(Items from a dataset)
(* If the microstructure is a periodic dispersion of inclusions or a layered material, then for $i=1,2$ $$\sup_{\epsilon>0}\int_\Omega\chi_i^\epsilon(x)\big|P_\epsilon(x,M_\epsilon\nabla u(x))\big|^{p_i}dx\le C<\infty.$$
   Context: Standing setup. $Y=(0,1)^n$, $\Omega\subset\mathbb R^n$ bounded open; $\chi_1$ a $Y$-periodic indicator, $\chi_2=1-\chi_1$; $0<\sigma_1,\sigma_2<\infty$; $1<p_1\le p_2\le2$ or $1<p_1\le2\le p_2$; $q_2=p_1/(p_1-1)$. $A(y,\xi)=\sigma(y)|\xi|^{p(y)-2}\xi$ with $\sigma=\chi_1\sigma_1+\chi_2\sigma_2$, $p=\chi_1p_1+\chi_2p_2$. $W^{1,p}_{per}(Y)$: mean-zero $W^{1,p}(Y)$ functions with equal traces on opposite faces. $v_\xi\in W^{1,p_1}_{per}(Y)$ solves $\int_Y(A(y,\xi+\nabla v_\xi),\nabla w)dy=0$ for all $w$; $P(y,\xi)=\xi+\nabla v_\xi(y)$ ($Y$-periodic), $P_\epsilon(x,\xi)=P(x/\epsilon,\xi)$; $b(\xi)=\int_YA(y,P(y,\xi))dy$; $\chi_i^\epsilon(x)=\chi_i(x/\epsilon)$. Given $f\in W^{-1,q_2}(\Omega)$, $u\in W^{1,p_1}_0(\Omega)$ is the weak solution of $-\operatorname{div}b(\nabla u)=f$. Dispersed: $\chi_1$ is the periodic extension of the indicator of an open simply connected smooth $F$ with $\overline F\subset Y$; layered: $\chi_1(y)=1$ iff $a<y_1<b$ (mod 1), $0<a<b<1$. For these microstructures it is known that $u\in W^{1,p_2}_0(\Omega)$. $M_\epsilon$: with $Y^k_\epsilon=\epsilon k+(0,\epsilon)^n$, $I_\epsilon=\{k:Y^k_\epsilon\subset\Omega\}$, $M_\epsilon\varphi$ is the average of $\varphi$ over $Y^k_\epsilon$ on $Y^k_\epsilon$ ($k\in I_\epsilon$) and $0$ elsewhere. *)

theory Defs
  imports "HOL-Analysis.Analysis"
begin

type_synonym 'n pt = "real ^ 'n"

fun Ck_on :: "nat \<Rightarrow> ('n::finite) pt set \<Rightarrow> ('n pt \<Rightarrow> real) \<Rightarrow> bool" where
  "Ck_on 0 S f = continuous_on S f"
| "Ck_on (Suc k) S f =
     (continuous_on S f \<and>
      (\<exists>G. (\<forall>x\<in>S. (f has_derivative (\<lambda>h. G x \<bullet> h)) (at x)) \<and>
           (\<forall>j. Ck_on k S (\<lambda>x. G x $ j))))"

definition smooth_on :: "('n::finite) pt set \<Rightarrow> ('n pt \<Rightarrow> real) \<Rightarrow> bool" where
  "smooth_on S f \<longleftrightarrow> (\<forall>k. Ck_on k S f)"

definition grad :: "(('n::finite) pt \<Rightarrow> real) \<Rightarrow> 'n pt \<Rightarrow> 'n pt" where
  "grad f x = (\<chi> j. frechet_derivative f (at x) (axis j 1))"

definition test_fun :: "('n::finite) pt set \<Rightarrow> ('n pt \<Rightarrow> real) \<Rightarrow> bool" where
  "test_fun U \<phi> \<longleftrightarrow> smooth_on UNIV \<phi> \<and> compact (closure {x. \<phi> x \<noteq> 0})
      \<and> closure {x. \<phi> x \<noteq> 0} \<subseteq> U"

definition loc_int :: "('n::finite) pt set \<Rightarrow> ('n pt \<Rightarrow> 'b::{banach,second_countable_topology}) \<Rightarrow> bool" where
  "loc_int U f \<longleftrightarrow> (\<forall>K. compact K \<and> K \<subseteq> U \<longrightarrow> set_integrable lebesgue K f)"

definition weak_grad :: "('n::finite) pt set \<Rightarrow> ('n pt \<Rightarrow> real) \<Rightarrow> ('n pt \<Rightarrow> 'n pt) \<Rightarrow> bool" where
  "weak_grad U f g \<longleftrightarrow> loc_int U f \<and> loc_int U g \<and>
     (\<forall>\<phi>. test_fun U \<phi> \<longrightarrow> (\<forall>j.
        (LINT x:U|lebesgue. f x * grad \<phi> x $ j) = - (LINT x:U|lebesgue. g x $ j * \<phi> x)))"

definition Lp :: "real \<Rightarrow> ('n::finite) pt set \<Rightarrow> ('n pt \<Rightarrow> 'b::{banach,second_countable_topology}) \<Rightarrow> bool" where
  "Lp p U f \<longleftrightarrow> set_borel_measurable lebesgue U f \<and>
     set_integrable lebesgue U (\<lambda>x. norm (f x) powr p)"

definition W1p :: "real \<Rightarrow> ('n::finite) pt set \<Rightarrow> ('n pt \<Rightarrow> real) \<Rightarrow> ('n pt \<Rightarrow> 'n pt) \<Rightarrow> bool" where
  "W1p p U f g \<longleftrightarrow> weak_grad U f g \<and> Lp p U f \<and> Lp p U g"

definition W1p0 :: "real \<Rightarrow> ('n::finite) pt set \<Rightarrow> ('n pt \<Rightarrow> real) \<Rightarrow> ('n pt \<Rightarrow> 'n pt) \<Rightarrow> bool" where
  "W1p0 p U f g \<longleftrightarrow> W1p p U f g \<and>
     (\<exists>\<phi>. (\<forall>m. test_fun U (\<phi> m)) \<and>
        ((\<lambda>m. LINT x:U|lebesgue. \<bar>\<phi> m x - f x\<bar> powr p) \<longlonglongrightarrow> 0) \<and>
        ((\<lambda>m. LINT x:U|lebesgue. norm (grad (\<phi> m) x - g x) powr p) \<longlonglongrightarrow> 0))"

definition W1p_norm :: "real \<Rightarrow> ('n::finite) pt set \<Rightarrow> ('n pt \<Rightarrow> real) \<Rightarrow> ('n pt \<Rightarrow> 'n pt) \<Rightarrow> real" where
  "W1p_norm p U f g = (LINT x:U|lebesgue. \<bar>f x\<bar> powr p) powr (1/p)
                     + (LINT x:U|lebesgue. norm (g x) powr p) powr (1/p)"

definition Ycell :: "('n::finite) pt set" where
  "Ycell = {y. \<forall>i. 0 < y $ i \<and> y $ i < 1}"

definition intvec :: "('n::finite \<Rightarrow> int) \<Rightarrow> 'n pt" where
  "intvec k = (\<chi> i. of_int (k i))"

definition Y_periodic :: "(('n::finite) pt \<Rightarrow> 'b) \<Rightarrow> bool" where
  "Y_periodic f \<longleftrightarrow> (\<forall>x j. f (x + axis j 1) = f x)"

text \<open>phase 1 is the set E (chi_1 = indicator E), phase 2 its complement\<close>
definition pexp :: "('n::finite) pt set \<Rightarrow> real \<Rightarrow> real \<Rightarrow> 'n pt \<Rightarrow> real" where
  "pexp E p1 p2 y = (if y \<in> E then p1 else p2)"

definition sig :: "('n::finite) pt set \<Rightarrow> real \<Rightarrow> real \<Rightarrow> 'n pt \<Rightarrow> real" where
  "sig E s1 s2 y = (if y \<in> E then s1 else s2)"

definition Aop :: "('n::finite) pt set \<Rightarrow> real \<Rightarrow> real \<Rightarrow> real \<Rightarrow> real \<Rightarrow> 'n pt \<Rightarrow> 'n pt \<Rightarrow> 'n pt" where
  "Aop E s1 s2 p1 p2 y \<xi> = (sig E s1 s2 y * norm \<xi> powr (pexp E p1 p2 y - 2)) *\<^sub>R \<xi>"

definition per_space :: "('n::finite) pt set \<Rightarrow> real \<Rightarrow> real \<Rightarrow> ('n pt \<Rightarrow> real) \<Rightarrow> ('n pt \<Rightarrow> 'n pt) \<Rightarrow> bool" where
  "per_space E p1 p2 w Dw \<longleftrightarrow> Y_periodic w \<and> weak_grad UNIV w Dw \<and>
     W1p p1 Ycell w Dw \<and> (LINT y:Ycell|lebesgue. w y) = 0 \<and>
     set_integrable lebesgue Ycell (\<lambda>y. norm (Dw y) powr pexp E p1 p2 y)"

definition cell_solutions :: "('n::finite) pt set \<Rightarrow> real \<Rightarrow> real \<Rightarrow> real \<Rightarrow> real
     \<Rightarrow> ('n pt \<Rightarrow> 'n pt \<Rightarrow> real) \<Rightarrow> ('n pt \<Rightarrow> 'n pt \<Rightarrow> 'n pt) \<Rightarrow> bool" where
  "cell_solutions E s1 s2 p1 p2 v Dv \<longleftrightarrow> (\<forall>\<xi>. per_space E p1 p2 (v \<xi>) (Dv \<xi>) \<and>
     (\<forall>w Dw. per_space E p1 p2 w Dw \<longrightarrow>
        (LINT y:Ycell|lebesgue. Aop E s1 s2 p1 p2 y (\<xi> + Dv \<xi> y) \<bullet> Dw y) = 0))"

definition bhom :: "('n::finite) pt set \<Rightarrow> real \<Rightarrow> real \<Rightarrow> real \<Rightarrow> real
     \<Rightarrow> ('n pt \<Rightarrow> 'n pt \<Rightarrow> 'n pt) \<Rightarrow> 'n pt \<Rightarrow> 'n pt" where
  "bhom E s1 s2 p1 p2 Dv \<xi> = (LINT y:Ycell|lebesgue. Aop E s1 s2 p1 p2 y (\<xi> + Dv \<xi> y))"

definition smooth_boundary :: "('n::finite) pt set \<Rightarrow> bool" where
  "smooth_boundary F \<longleftrightarrow> (\<forall>z\<in>frontier F. \<exists>r>0. \<exists>\<phi>. smooth_on UNIV \<phi> \<and> grad \<phi> z \<noteq> 0 \<and>
      F \<inter> ball z r = {x \<in> ball z r. \<phi> x < 0})"

definition dispersed :: "('n::finite) pt set \<Rightarrow> bool" where
  "dispersed E \<longleftrightarrow> (\<exists>F. open F \<and> simply_connected F \<and> smooth_boundary F \<and>
      closure F \<subseteq> Ycell \<and> E = (\<Union>k. (\<lambda>y. y + intvec k) ` F))"

text \<open>layered in the direction of coordinate i0 (the paper uses i0 = 1)\<close>
definition layered :: "('n::finite) pt set \<Rightarrow> bool" where
  "layered E \<longleftrightarrow> (\<exists>(i0::'n) a b. 0 < a \<and> a < b \<and> b < 1 \<and>
      E = {y. a < frac (y $ i0) \<and> frac (y $ i0) < b})"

Your goal => Some lines above hold the word "subseteq". Copy all of them.

Task answer =>
      \<and> closure {x. \<phi> x \<noteq> 0} \<subseteq> U"
  "loc_int U f \<longleftrightarrow> (\<forall>K. compact K \<and> K \<subseteq> U \<longrightarrow> set_integrable lebesgue K f)"
      closure F \<subseteq> Ycell \<and> E = (\<Union>k. (\<lambda>y. y + intvec k) ` F))"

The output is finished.